A lo largo de su carrera, la estética visual de The Beatles funcionó como una radiografía perfecta de sus mutaciones sónicas.
Desde los pulcros trajes sin cuello y el corte taza en la era de «I Want to Hold Your Hand». Después, sigue el florecimiento psicodélico de bigotes y solapas coloridas en Sgt. Pepper’s Lonely Hearts Club Band. Finalmente, llegan las frondosas barbas y melenas desgreñadas de su etapa final.
Sin embargo, ninguna sesión fotográfica cargó con tanto peso histórico y dramático como la ocurrida el 22 de agosto de 1969. En esa fecha, los cuatro genios de Liverpool posaron juntos por última vez.
Entre cedros llorones y barbas tupidas: El escenario de Tittenhurst Park
Apenas dos días después de registrar su última sesión de grabación en estudio como cuarteto, John Lennon, Paul McCartney, George Harrison y Ringo Starr se reunieron en Tittenhurst Park. Esta imponente finca de 72 acres está ubicada en Sunninghill. Además, Lennon y Yoko Ono acababan de adquirirla.

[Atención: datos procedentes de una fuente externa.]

lemma abs_state_le_1:
  assumes \<omega>: "\<omega> \<in> states c h \<mu> \<nu>" and a: "a \<in> Asa c" and a_le: "cnorm h \<mu> \<nu> a \<le> 1"
  shows "\<bar>\<omega> a\<bar> \<le> 1"
proof -
  obtain K where K: "\<And>b. b \<in> Asa c \<Longrightarrow> \<bar>\<omega> b\<bar> \<le> K * cnorm h \<mu> \<nu> b"
    using state_bounded[OF \<omega>] by blast
  have "bdd_above ((\<lambda>b. \<bar>\<omega> b\<bar>) ` {b \<in> Asa c. cnorm h \<mu> \<nu> b \<le> 1})"
  proof (rule bdd_aboveI2)
    fix b assume "b \<in> {b \<in> Asa c. cnorm h \<mu> \<nu> b \<le> 1}"
    then have b: "b \<in> Asa c" and "0 \<le> cnorm h \<mu> \<nu> b" "cnorm h \<mu> \<nu> b \<le> 1"
      by (simp_all add: cnorm_def)
    then have "K * cnorm h \<mu> \<nu> b \<le> \<bar>K\<bar>"
      by (metis abs_ge_self abs_ge_zero mult_left_le mult_right_mono order_trans)
    then show "\<bar>\<omega> b\<bar> \<le> \<bar>K\<bar>"
      using K[OF b] by linarith
  qed
  then have "\<bar>\<omega> a\<bar> \<le> (SUP b\<in>{b \<in> Asa c. cnorm h \<mu> \<nu> b \<le> 1}. \<bar>\<omega> b\<bar>)"
    by (rule cSUP_upper[rotated]) (simp add: a a_le)
  then show ?thesis
    by (simp add: state_SUP_unit_ball[OF \<omega>])
qed

lemma abs_state_le_1_if_norm_ii1_le_1:
  assumes "\<omega> \<in> states c h \<mu> \<nu>" and "a \<in> Asa c" and "norm_ii1 a \<le> 1"
  shows "\<bar>\<omega> a\<bar> \<le> 1"
proof -
  have "norm_ii1 a < \<infinity>" and "enn2real (norm_ii1 a) \<le> 1"
    using assms(3) by (simp_all add: order_le_less_trans enn2real_leI)
  then have "cnorm h \<mu> \<nu> a \<le> 1"
    using cnorm_le_norm_ii1[of a h \<mu> \<nu>] by linarith
  with assms(1,2) show ?thesis
    by (rule abs_state_le_1)
qed

lemma abs_state_diff_le_6:
  assumes \<omega>1: "\<omega>1 \<in> states c h \<mu> \<nu>" and \<omega>2: "\<omega>2 \<in> states c h \<mu> \<nu>"
    and a: "a \<in> Asa c" and L: "Lnorm c a \<le> 1"
  shows "\<bar>\<omega>1 a - \<omega>2 a\<bar> \<le> 6"
proof -
  define t where "t = Re (a 0 0 0)"
  define b where "b = (\<lambda>x y p. a x y p - of_real t * unitI x y p)"
  define \<psi> where "\<psi> = (\<lambda>x y p. of_real (1 / 3) * b x y p)"
  have b_linear: "b = (\<lambda>x y p. of_real 1 * a x y p + of_real (- t) * unitI x y p)"
    by (simp add: b_def)
  have b: "b \<in> Asa c"
    unfolding b_linear using a unitI_in_Asa by (rule Asa_linear)
  have \<psi>: "\<psi> \<in> Asa c"
    unfolding \<psi>_def using b by (rule Asa_scale)
  have "of_real t = a 0 0 0"
    using a by (simp add: t_def Asa_def zero_mode_real_if_invol_fixed)
  then have "norm_ii1 b \<le> 3"
    using norm_ii1_sub_zero_mode_le_3[of a c] a L by (simp add: b_def Asa_def)
  then have "norm_ii1 \<psi> \<le> ennreal (1 / 3) * 3"
    unfolding \<psi>_def norm_ii1_scale by (simp add: mult_left_mono)
  also have "\<dots> = 1"
    using ennreal_mult'[of "1 / 3" 3] by simp
  finally have bound: "\<bar>\<omega> \<psi>\<bar> \<le> 1" if "\<omega> \<in> states c h \<mu> \<nu>" for \<omega>
    by (rule abs_state_le_1_if_norm_ii1_le_1[OF that \<psi>])
  have shift: "3 * \<omega> \<psi> = \<omega> a - t" if \<omega>: "\<omega> \<in> states c h \<mu> \<nu>" for \<omega>
  proof -
    have "\<omega> b = \<omega> a - t"
      using state_linear[OF \<omega> a unitI_in_Asa, of 1 "- t"] state_unitI[OF \<omega>] by (simp add: b_linear)
    then show ?thesis
      using state_scale[OF \<omega> b, of "1 / 3"] by (simp add: \<psi>_def)
  qed
  show ?thesis
    using bound[OF \<omega>1] bound[OF \<omega>2] shift[OF \<omega>1] shift[OF \<omega>2]
    unfolding abs_le_iff by linarith
qed

theorem mainTheorem4:
  fixes c :: int and h \<mu> \<nu> :: real and \<omega>1 \<omega>2 :: "fn3 \<Rightarrow> real"
  assumes "c > 0" and "\<mu>\<^sup>2 + \<nu>\<^sup>2 \<noteq> 0"
    and "\<omega>1 \<in> states c h \<mu> \<nu>" and "\<omega>2 \<in> states c h \<mu> \<nu>"
  shows "rhoL c \<omega>1 \<omega>2 \<le> 6"
  unfolding rhoL_def
  using abs_state_diff_le_6[OF assms(3,4)] by (auto intro: SUP_least)

end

Bajo los lentes de los fotógrafos Ethan Russell y Monte Fresco, las imágenes capturaron el clima de la época. También hubo disparos adicionales del eterno asistente Mal Evans y registros audiovisuales caseros de Linda McCartney.

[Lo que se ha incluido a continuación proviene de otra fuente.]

text \<open>Countably many environments are packed into one along the pairing \<open>prod_encode\<close>;
  \<open>slot_trm j\<close> moves the variables of a term into the \<open>j\<close>-th slot.\<close>

definition merge_envs :: "(nat \<Rightarrow> nat \<Rightarrow> 'a) \<Rightarrow> nat \<Rightarrow> 'a" where
  "merge_envs envs n = (case prod_decode n of (j, i) \<Rightarrow> envs j i)"

definition slot_trm :: "nat \<Rightarrow> 'f trm \<Rightarrow> 'f trm" where
  "slot_trm j t = subst (\<lambda>i. Var (prod_encode (j, i))) t"

lemma eval_slot_trm: "eval A (merge_envs envs) (slot_trm j t) = eval A (envs j) t"
  by (simp add: slot_trm_def eval_subst merge_envs_def)

lemma comp_merge_envs: "f \<circ> merge_envs envs = merge_envs (\<lambda>j. f \<circ> envs j)"
  by (auto simp: merge_envs_def split: prod.split)

lemma range_merge_envs: "\<forall>j. range (envs j) \<subseteq> X \<Longrightarrow> range (merge_envs envs) \<subseteq> X"
  by (simp add: merge_envs_def image_subset_iff split: prod.split)

lemma wf_trm_slot_trm: "wf_trm ar t \<Longrightarrow> wf_trm ar (slot_trm j t)"
  by (simp add: slot_trm_def wf_trm_subst)

lemma list_eval_common_env:
  assumes "X \<noteq> {}"
    and "\<forall>a\<in>set as. \<exists>t env. wf_trm ar t \<and> range env \<subseteq> X \<and> eval A env t = a"
  shows "\<exists>ts env. (\<forall>t\<in>set ts. wf_trm ar t) \<and> range env \<subseteq> X \<and> map (eval A env) ts = as"
proof -
  obtain x0 where "x0 \<in> X" using assms(1) by blast
  have "\<exists>t env. wf_trm ar t \<and> range env \<subseteq> X \<and> (j < length as \<longrightarrow> eval A env t = as ! j)"
    for j
  proof (cases "j < length as")
    case True
    then have "as ! j \<in> set as" by simp
    then show ?thesis using assms(2) by fast
  next
    case False
    have "range (\<lambda>_. x0) \<subseteq> X" using \<open>x0 \<in> X\<close> by simp
    with False show ?thesis by (intro exI[of _ "Var 0"] exI[of _ "\<lambda>_. x0"]) simp
  qed
  then obtain t envs where t_wf: "\<And>j. wf_trm ar (t j)" and envs_X: "\<And>j. range (envs j) \<subseteq> X"
    and t_eval: "\<And>j. j < length as \<Longrightarrow> eval A (envs j) (t j) = as ! j"
    by metis
  define ts where "ts = map (\<lambda>j. slot_trm j (t j)) [0..<length as]"
  have "map (eval A (merge_envs envs)) ts = map (\<lambda>j. as ! j) [0..<length as]"
    by (simp add: ts_def eval_slot_trm t_eval)
  also have "\<dots> = as" by (rule map_nth)
  finally have "map (eval A (merge_envs envs)) ts = as" .
  moreover have "\<forall>t\<in>set ts. wf_trm ar t" by (simp add: ts_def wf_trm_slot_trm t_wf)
  moreover have "range (merge_envs envs) \<subseteq> X" by (simp add: range_merge_envs envs_X)
  ultimately show ?thesis by blast
qed

text \<open>Environments are total, so \<open>X\<close> must be nonempty even for values of constants.\<close>

lemma generated_eval_trm:
  assumes "a \<in> generated Sym ar A X" and "X \<noteq> {}"
  shows "\<exists>t env. wf_trm ar t \<and> range env \<subseteq> X \<and> eval A env t = a"
  using assms(1)
proof (induction rule: generated.induct)
  case (gen_base x)
  then show ?case by (intro exI[of _ "Var 0"] exI[of _ "\<lambda>_. x"]) auto
next
  case (gen_op f as)
  have "\<forall>a\<in>set as. \<exists>t env. wf_trm ar t \<and> range env \<subseteq> X \<and> eval A env t = a"
    using gen_op(3) by blast
  from list_eval_common_env[OF assms(2) this] obtain ts env
    where "\<forall>t\<in>set ts. wf_trm ar t" "range env \<subseteq> X" "map (eval A env) ts = as"
    by blast
  moreover from this(3) have "length ts = ar f" using gen_op(2) by auto
  ultimately show ?case by (intro exI[of _ "App f ts"] exI[of _ env]) simp
qed

definition hom ::
    "'f set \<Rightarrow> ('f \<Rightarrow> nat) \<Rightarrow> ('f, 'a) algebra \<Rightarrow> ('f, 'b) algebra \<Rightarrow> ('a \<Rightarrow> 'b) \<Rightarrow> bool"
  where "hom Sym ar A B h \<longleftrightarrow> h ` carrier A \<subseteq> carrier B \<and>
     (\<forall>f\<in>Sym. \<forall>as. length as = ar f \<and> set as \<subseteq> carrier A \<longrightarrow>
        h (ops A f as) = ops B f (map h as))"

lemma hom_id: "hom Sym ar A A id"
  by (simp add: hom_def)

lemma hom_comp:
  assumes h: "hom Sym ar A B h" and g: "hom Sym ar B C g"
  shows "hom Sym ar A C (g \<circ> h)"
  unfolding hom_def
proof (intro conjI ballI allI impI)
  show "(g \<circ> h) ` carrier A \<subseteq> carrier C"
    using h g by (auto simp: hom_def image_subset_iff)
  fix f as assume "f \<in> Sym" and as: "length as = ar f \<and> set as \<subseteq> carrier A"
  moreover from as have "set (map h as) \<subseteq> carrier B" using h by (auto simp: hom_def)
  ultimately show "(g \<circ> h) (ops A f as) = ops C f (map (g \<circ> h) as)"
    using h g by (simp add: hom_def)
qed

lemma hom_eval:
  assumes "hom UNIV ar A B h" and "is_algebra UNIV ar A"
  shows "wf_trm ar t \<Longrightarrow> \<forall>i\<in>vars t. env i \<in> carrier A
           \<Longrightarrow> h (eval A env t) = eval B (h \<circ> env) t"
proof (induction t)
  case (App f ts)
  have "set (map (eval A env) ts) \<subseteq> carrier A" using App.prems eval_in_carrier[OF assms(2)] by auto
  then have "h (eval A env (App f ts)) = ops B f (map h (map (eval A env) ts))"
    using assms(1) App.prems by (auto simp: hom_def)
  also have "\<dots> = eval B (h \<circ> env) (App f ts)"
    using App by (auto simp: comp_def intro!: arg_cong[where f = "ops B _"])
  finally show ?case .
qed simp

lemma hom_app1:
  "hom UNIV ar A B h \<Longrightarrow> is_algebra UNIV ar A \<Longrightarrow> unary_term ar e \<Longrightarrow> x \<in> carrier A
   \<Longrightarrow> h (app1 A e x) = app1 B e (h x)"
  using hom_eval[of ar A B h e "\<lambda>_. x"] by (simp add: app1_def unary_term_def comp_def)

lemma iso_iff_inverse_homs:
  assumes "is_algebra Sym ar A"
  shows "iso Sym ar A B \<longleftrightarrow> (\<exists>h h'. hom Sym ar A B h \<and> hom Sym ar B A h' \<and>
           (\<forall>a\<in>carrier A. h' (h a) = a) \<and> (\<forall>b\<in>carrier B. h (h' b) = b))"
proof
  assume "iso Sym ar A B"
  then obtain h where bij: "bij_betw h (carrier A) (carrier B)"
    and h_ops: "\<And>f as. f \<in> Sym \<Longrightarrow> length as = ar f \<Longrightarrow> set as \<subseteq> carrier A
                 \<Longrightarrow> h (ops A f as) = ops B f (map h as)"
    unfolding iso_def by blast
  define h' where "h' = inv_into (carrier A) h"
  have left: "\<forall>a\<in>carrier A. h' (h a) = a" and right: "\<forall>b\<in>carrier B. h (h' b) = b"
    using bij by (simp_all add: h'_def bij_betw_inv_into_left bij_betw_inv_into_right)
  have h'_into: "h' ` carrier B \<subseteq> carrier A"
    using bij_betw_inv_into[OF bij] by (simp add: h'_def bij_betw_def)
  have "h' (ops B f bs) = ops A f (map h' bs)"
    if f: "f \<in> Sym" and bs: "length bs = ar f" "set bs \<subseteq> carrier B" for f bs
  proof -
    have h'_bs: "set (map h' bs) \<subseteq> carrier A" using h'_into bs(2) by auto
    have "map h (map h' bs) = bs" using right bs(2) by (induction bs) auto
    then have "ops B f bs = h (ops A f (map h' bs))" using h_ops[OF f _ h'_bs] bs(1) by simp
    moreover have "ops A f (map h' bs) \<in> carrier A"
      using assms f bs(1) h'_bs by (simp add: is_algebra_def)
    ultimately show ?thesis using left by simp
  qed
  then have "hom Sym ar B A h'" using h'_into by (simp add: hom_def)
  moreover have "hom Sym ar A B h" using bij h_ops by (simp add: hom_def bij_betw_def)
  ultimately show "\<exists>h h'. hom Sym ar A B h \<and> hom Sym ar B A h' \<and>
           (\<forall>a\<in>carrier A. h' (h a) = a) \<and> (\<forall>b\<in>carrier B. h (h' b) = b)"
    using left right by blast
next
  assume "\<exists>h h'. hom Sym ar A B h \<and> hom Sym ar B A h' \<and>
           (\<forall>a\<in>carrier A. h' (h a) = a) \<and> (\<forall>b\<in>carrier B. h (h' b) = b)"
  then obtain h h' where "hom Sym ar A B h" "hom Sym ar B A h'"
    "\<forall>a\<in>carrier A. h' (h a) = a" "\<forall>b\<in>carrier B. h (h' b) = b"
    by blast
  then have "bij_betw h (carrier A) (carrier B)"
    by (intro bij_betw_byWitness) (auto simp: hom_def)
  with \<open>hom Sym ar A B h\<close> show "iso Sym ar A B"
    unfolding iso_def hom_def by blast
qed

lemma generated_subset_carrier:
  assumes "is_algebra Sym ar A" and "X \<subseteq> carrier A"
  shows "generated Sym ar A X \<subseteq> carrier A"
proof
  fix a assume "a \<in> generated Sym ar A X"
  then show "a \<in> carrier A"
  proof induction
    case (gen_op f as)
    then have "set as \<subseteq> carrier A" by blast
    with assms(1) gen_op(1,2) show ?case by (simp add: is_algebra_def)
  qed (use assms(2) in blast)
qed

lemma homs_agree_on_generated:
  assumes "is_algebra Sym ar A" and "X \<subseteq> carrier A"
    and "hom Sym ar A B h" and "hom Sym ar A B g" and "\<forall>x\<in>X. h x = g x"
  shows "\<forall>a\<in>generated Sym ar A X. h a = g a"
proof
  fix a assume "a \<in> generated Sym ar A X"
  then show "h a = g a"
  proof induction
    case (gen_op f as)
    then have as_A: "set as \<subseteq> carrier A"
      using generated_subset_carrier[OF assms(1,2)] by blast
    have "h (ops A f as) = ops B f (map h as)"
      using assms(3) gen_op(1,2) as_A by (simp add: hom_def)
    also have "map h as = map g as" using gen_op(3) by simp
    also have "ops B f (map g as) = g (ops A f as)"
      using assms(4) gen_op(1,2) as_A by (simp add: hom_def)
    finally show ?case .
  qed (use assms(5) in simp)
qed

lemma carrier_localization [simp]: "carrier (localization A e) = app1 A e ` carrier A"
  by (simp add: localization_def)

lemma ops_localization [simp]: "ops (localization A e) (t, n) as = app1 A e (eval A (\<lambda>i. as ! i) t)"
  by (simp add: localization_def)

lemma localization_args_in_carrier:
  assumes "is_algebra UNIV ar A" and "unary_term ar e"
    and "(t, n) \<in> loc_sym ar" and "length as = n" and "set as \<subseteq> app1 A e ` carrier A"
  shows "\<forall>i\<in>vars t. as ! i \<in> carrier A"
proof
  fix i assume "i \<in> vars t"
  then have "as ! i \<in> set as" using assms(3,4) by (auto simp: loc_sym_def)
  then show "as ! i \<in> carrier A" using assms(5) app1_image_subset_carrier[OF assms(1,2)] by blast
qed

La mayoría del material de Abbey Road ya estaba listo y el aspecto de los músicos delataba el paso del tiempo. John y George lucían sombreros de ala ancha y barbas tupidas. Además, Ringo compartía esa densidad capilar y Paul destacaba como el único totalmente afeitado. Finalmente, tanto Yoko Ono como una embarazada Linda McCartney (quien daría a luz a Mary un mes después) formaron parte de varias de las tomas. Aparecieron en la hierba alta y frente a la mansión.
La despedida involuntaria y la portada de «Hey Jude»
Aunque en ese momento las fotografías fueron pensadas como mero material promocional, la sesión se convirtió en el punto final de su convivencia. Un retrato alineado frente al salón de actos terminó convirtiéndose en la portada del disco recopilatorio Hey Jude en 1970. Fue la última vez que los cuatro integrantes estuvieron juntos como banda.
En aquel instante, la tensión interna se manejaba con una tensa calma y nadie asumía explícitamente el final. Como recordaría el propio Ringo Starr años más tarde en Anthology:
«Fue solo una sesión de fotos. No estaba allí pensando: ‘Está bien, esta es la última sesión de fotos».
Poco después, en septiembre de ese mismo año, John Lennon le comunicaría en privado al grupo su decisión de marcharse. Paul, George y Ringo se reunirían de manera esporádica para rematar algunos cabos sueltos de Let It Be.
Finalmente McCartney hizo oficial la ruptura definitiva en abril de 1970. A 57 años de aquella tarde en los jardines de Tittenhurst, esas postales permanecen como el testamento visual de cuatro leyendas que, sin saberlo frente al lente, se estaban despidiendo para siempre.